Kalan dikiş hattını klipsleyin ve atın. Cilt kapatma zımbaları kullanarak forseps ile kapatılan cildi dikiş hattı üzerinden çekin. Altındaki dikiş hattını zımbalamamaya veya cildi çok sıkı çekmemeye dikkat ederek cildi klipsleyin.
Bitirdikten sonra, buradaki dikiş aletiyle hafifçe bastırarak zımbaların sıkı olduğundan emin olun, GFP'nin ekspresyonunu yönlendiren A-P-C-I-G iki ekspresyon vektörü, E 12'de gelişmekte olan neokortekse elektropore edilmiştir. Neokortikal gelişim ilerledikçe, apikal progenitörler ya ikincil bazal progenitörlere ya da post mitotik nöronlara farklılaşır ve GFP'yi eksprese etmeye devam eder. Bu nöral hücreler daha sonra kırmızı ile gösterilen nöral alt tipin tipik belirteçlerinin ekspresyonu için analiz edilebilir.
E 12'de elektropore edilmiş ve E 14'te diseke edilmiş bir embriyonun ön beyninin bu venal görünümünde, elektroporasyonlu bölge E 14 tarafından yeşil epi floresan ile gösterilir. Talamus, pretalamus ve hipotalamusta GFP ekspresyonu görülür ve ölmekte olan likik bölgelerin başarılı bir şekilde transfekte edildiğini gösterir. Çizgi kutusu, bir ventriküler bölgeden geçen bölümün konumunu işaretler.
Ventriküler bölgeye daha yakından bir bakış, GFP hücrelerinin ventriküler bölgeden manto bölgesine göçünü gösterir. Hipotalamik çekirdeklerin oluşacağı yerde, embriyonik retina da bu koronal kesitte gösterildiği gibi, E 15.5'te PCIC ile elektroporasyonlu bir E 16.5 I yoluyla kolayca elektropore edilir. Burada, m kiraz pozitif hücrelerin birikimi dış nöroblast tabakasına özgüdür ve ganglion hücre tabakasındaki üç B pozitif retinal ganglion hücresinde B rrn görülmez Bir kez ustalaştıktan sonra, beklenmedik bir komplikasyon ortaya çıkarsa bu teknik 30 dakika içinde yapılabilir.

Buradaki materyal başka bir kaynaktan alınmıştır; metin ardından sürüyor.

lemma potential_drift:
  assumes P: "P \<in> ARG_states Z" and "P \<noteq> pi0 Z"
  shows "1 / total_rate Z \<rho> P +
           (\<Sum>P'\<in>ARG_states Z - {pi0 Z}. jump_prob Z \<rho> P P' * potential (card P'))
         \<le> potential (card P)"
proof -
  let ?T = "total_rate Z \<rho> P" and ?M = "other_rates_bound (card Z)"
  let ?up = "{P'\<in>ARG_states Z. card P' = Suc (card P)}"
    and ?other = "{P'\<in>ARG_states Z. card P' \<noteq> Suc (card P)}"
  have x: "0 < \<alpha> * \<rho>" "\<alpha> * \<rho> \<le> up_rate P"
    using up_rate_ge[OF assms] rho_pos by auto
  have M: "0 \<le> ?M"
    using other_rates_bound_pos less_imp_le by blast
  have T: "0 < ?T"
    using x other_rate_nonneg[of P] by (simp add: total_rate_eq)
  have "(\<Sum>P'\<in>ARG_states Z - {pi0 Z}. jump_prob Z \<rho> P P' * potential (card P'))
      \<le> (\<Sum>P'\<in>ARG_states Z. jump_prob Z \<rho> P P' * potential (card P'))"
    using finite_states x M by (intro sum_mono2 mult_nonneg_nonneg J_nonneg geometric_potential_nonneg) auto
  also have "\<dots> = ((\<Sum>P'\<in>?up. ARG_rate \<rho> P P' * potential (card P')) +
                   (\<Sum>P'\<in>?other. ARG_rate \<rho> P P' * potential (card P'))) / ?T"
    using sum.Int_Diff[OF finite_states, of "\<lambda>P'. ARG_rate \<rho> P P' * potential (card P')"
        "{P'. card P' = Suc (card P)}"]
    by (simp add: jump_prob_def Int_def set_diff_eq flip: sum_divide_distrib)
  also have "\<dots> \<le> (up_rate P * potential (Suc (card P)) + other_rate P * potential 0) / ?T"
    unfolding up_rate_def other_rate_def sum_distrib_right using T x M
    by (intro divide_right_mono add_mono sum_mono mult_left_mono rate_nonneg
        geometric_potential_antimono) auto
  finally have "1 / ?T + (\<Sum>P'\<in>ARG_states Z - {pi0 Z}. jump_prob Z \<rho> P P' * potential (card P'))
      \<le> (1 + up_rate P * potential (Suc (card P)) + other_rate P * potential 0) / ?T"
    by (simp add: add_divide_distrib)
  also have "\<dots> \<le> ?T * potential (card P) / ?T"
    unfolding total_rate_eq using T
    by (intro divide_right_mono geometric_potential_drift M x other_rate_nonneg other_rate_le P
        card_ARG_state_less[OF finite_Z P \<open>P \<noteq> pi0 Z\<close>]) (simp_all add: total_rate_eq)
  finally show ?thesis
    using T by simp
qed

lemma holding_time_nonneg: "0 \<le> 1 / total_rate Z \<rho> P"
  using up_rate_nonneg other_rate_nonneg by (simp add: total_rate_eq)

lemma return_time_exp_eq:
  "return_time_exp Z \<rho> =
     (\<Sum>m. ennreal (hitting_cost (\<lambda>P. 1 / total_rate Z \<rho> P) (pi0 Z) m (pi0 Z)))"
proof -
  have "0 \<le> path_weight (jump_prob Z \<rho>) (pi0 Z) xs * (\<Sum>P\<leftarrow>butlast xs. 1 / total_rate Z \<rho> P)"
    for xs
    using holding_time_nonneg
    by (intro mult_nonneg_nonneg path_weight_nonneg J_nonneg sum_list_nonneg) auto
  then show ?thesis
    unfolding return_time_exp_def hitting_cost_def first_passage_paths_def path_prob_eq_path_weight
    by (simp add: sum_ennreal)
qed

Bu prosedürü denerken, uygun steril teknikler kullanmak, embriyoları manipüle ederken sabit bir el kullanmak ve hamile kadını anestezi altına almadan önce gerekli tüm malzemeleri hazır bulundurmak önemlidir. Bu prosedürü takiben, elektro örgülü embriyoların yetişkinliğe kadar yaşamasına izin verilebilir, bu noktada embriyodaki belirli genlerin manipülasyonunun nöronal fonksiyonu nasıl etkilediğine dair ek soruları yanıtlamak için davranışsal ve fonksiyonel tahliller gibi diğer yöntemler gerçekleştirilebilir. Geliştirilmesinden bu yana, bu teknik, CNS geliştirme alanındaki araştırmacıların farede in vivo gen fonksiyonunu keşfetmelerinin yolunu açmıştır.
Bu videoyu izledikten sonra, yabancı DNA'nın embriyonik nöral tüpe nasıl sokulacağını iyi anlamış olmalısınız. Özellikle, hamile bir kadını ameliyata nasıl hazırlayacağınızı gösteriyoruz. Uterusu açığa çıkarın, DNA enjekte edin ve embriyoyu elektrolit haline getirin.
Flor ile çalışmanın tehlikeli olabileceğini ve bu işlemi gerçekleştirirken süpürme sistemi gibi önlemlerin alınması gerektiğini unutmayın.
View the full transcript and gain access to thousands of scientific videos
Bu makale, gelişmekte olan merkezi sinir sistemi (CNS) içinde hassas gen teslimatı sağlayan bir teknik olan in utero elektroporasyon protokolünü açıklar. Bu yöntem, telencephalon, diencefalon ve retina gibi çeşitli embriyonik CNS bölgelerine ifade yapılarının hedefli şekilde tanıtılmasını sağlar.